* [Task goal]:
Every line of the material below in which "term" shows up is to be located and copied.

◆ ◆ ◆ ◆ ◆ ◆ ◆

lemma linked_sym: "linked J u v \<Longrightarrow> linked J v u"
  unfolding linked_def using ideal_uminus[OF J, of "binom u v"] by (simp add: binom_def)

lemma linked_trans: "linked J u v \<Longrightarrow> linked J v w \<Longrightarrow> linked J u w"
  unfolding linked_def using ideal_add[OF J, of "binom u v" "binom v w"] by (simp add: binom_def)

lemma linked_add_left: "linked J u v \<Longrightarrow> w \<in> exps N \<Longrightarrow> linked J (w + u) (w + v)"
  unfolding linked_def binom_add by (rule ideal_mult[OF J _ poly_ring_monom])

lemma linked_add:
  assumes "linked J u v" and "linked J u' v'" and "u \<in> exps N" and "v' \<in> exps N"
  shows "linked J (u + u') (v + v')"
proof (rule linked_trans)
  show "linked J (u + u') (u + v')"
    using linked_add_left[OF assms(2,3)] .
  show "linked J (u + v') (v + v')"
    using linked_add_left[OF assms(1,4)] by (simp add: add.commute)
qed

lemma linked_scale_exp:
  assumes "linked J u v" and "u \<in> exps N" and "v \<in> exps N"
  shows "linked J (scale_exp k u) (scale_exp k v)"
  by (induction k) (simp_all add: linked_refl scale_exp_Suc linked_add assms)

lemma linked_exp_comb:
  assumes "finite I" and "\<And>i. i \<in> I \<Longrightarrow> linked J (P i) (Q i)"
    and "\<And>i. i \<in> I \<Longrightarrow> P i \<in> exps N" and "\<And>i. i \<in> I \<Longrightarrow> Q i \<in> exps N"
  shows "linked J (exp_comb I c P) (exp_comb I c Q)"
  unfolding exp_comb_def using assms
  by (induction I rule: finite_induct) (simp_all add: linked_refl linked_add linked_scale_exp)
(* Let $\alpha\le0$ and $\beta<0$. Then for every integer $n\ge2$ and every $1\le k\le n-1$, \[ \big(S_{\alpha,\beta}(n,k)\big)^2\ge\Big(1+\frac1k\Big)\Big(1+\frac1{n-k}\Big)S_{\alpha,\beta}(n,k+1)\,S_{\alpha,\beta}(n,k-1); \] in particular the sequence $(S_{\alpha,\beta}(n,k))_{0\le k\le n}$ is log-concave.
   Context: For real $a$ and integer $n\ge 1$, $\langle a\rangle_n:=a(a+1)\cdots(a+n-1)$ and $\langle a\rangle_0:=1$. For real $\alpha,\beta$ and integers $0\le k\le n$, $S_{\alpha,\beta}(n,k):=\frac{1}{k!}\sum_{j=0}^{k}(-1)^{k-j}\binom{k}{j}\langle-\alpha-\beta j\rangle_n$. *)

theory Defs
  imports Complex_Main
begin

definition S_ab :: "real \<Rightarrow> real \<Rightarrow> nat \<Rightarrow> nat \<Rightarrow> real" where
  "S_ab \<alpha> \<beta> n k = (1 / fact k) *
     (\<Sum>j=0..k. (-1) ^ (k - j) * real (k choose j) * pochhammer (- \<alpha> - \<beta> * real j) n)"

end

theory Submission
  imports Defs
begin

(* Write S(n,k) = (n choose k) * u(n,k). Since <x>_(n+1) = <x>_n * (x + n) and k! S(n,k) is the
   k-th forward difference of j |-> <-alpha - beta j>_n, one gets
     S(n+1,k+1) = (n - alpha - beta (k+1)) S(n,k+1) - beta S(n,k),
   which for u reads
     (n+1) u(n+1,k) = (n - alpha - beta k) (n+1-k) u(n,k) - beta k u(n,k-1),
   a recurrence with nonnegative coefficients when alpha <= 0 and beta < 0. Log-concavity of
   u(n,-) propagates from n to n+1: expanding u(n+1,k-1) u(n+1,k+1) by the recurrence, each term
   is dominated by the matching term of u(n+1,k)^2 thanks to log-concavity of u(n,-) at k and
   k-1, and what remains of u(n+1,k)^2 is nonnegative. Finally, log-concavity of u is exactly
   the claimed inequality for S, because
     (n choose k)^2 = (1 + 1/k) (1 + 1/(n-k)) (n choose k-1) (n choose k+1). *)

definition forward_diff :: "nat \<Rightarrow> (nat \<Rightarrow> real) \<Rightarrow> real" where
  "forward_diff k f = (\<Sum>j=0..k. (-1) ^ (k - j) * real (k choose j) * f j)"

lemma forward_diff_lincomb:
  "forward_diff k (\<lambda>j. a * f j + b * g j) = a * forward_diff k f + b * forward_diff k g"
  unfolding forward_diff_def by (simp add: algebra_simps sum.distrib sum_distrib_left)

◆ ◆ ◆ ◆ ◆ ◆ ◆

* [Response area]:
   u(n,-) propagates from n to n+1: expanding u(n+1,k-1) u(n+1,k+1) by the recurrence, each term
   is dominated by the matching term of u(n+1,k)^2 thanks to log-concavity of u(n,-) at k and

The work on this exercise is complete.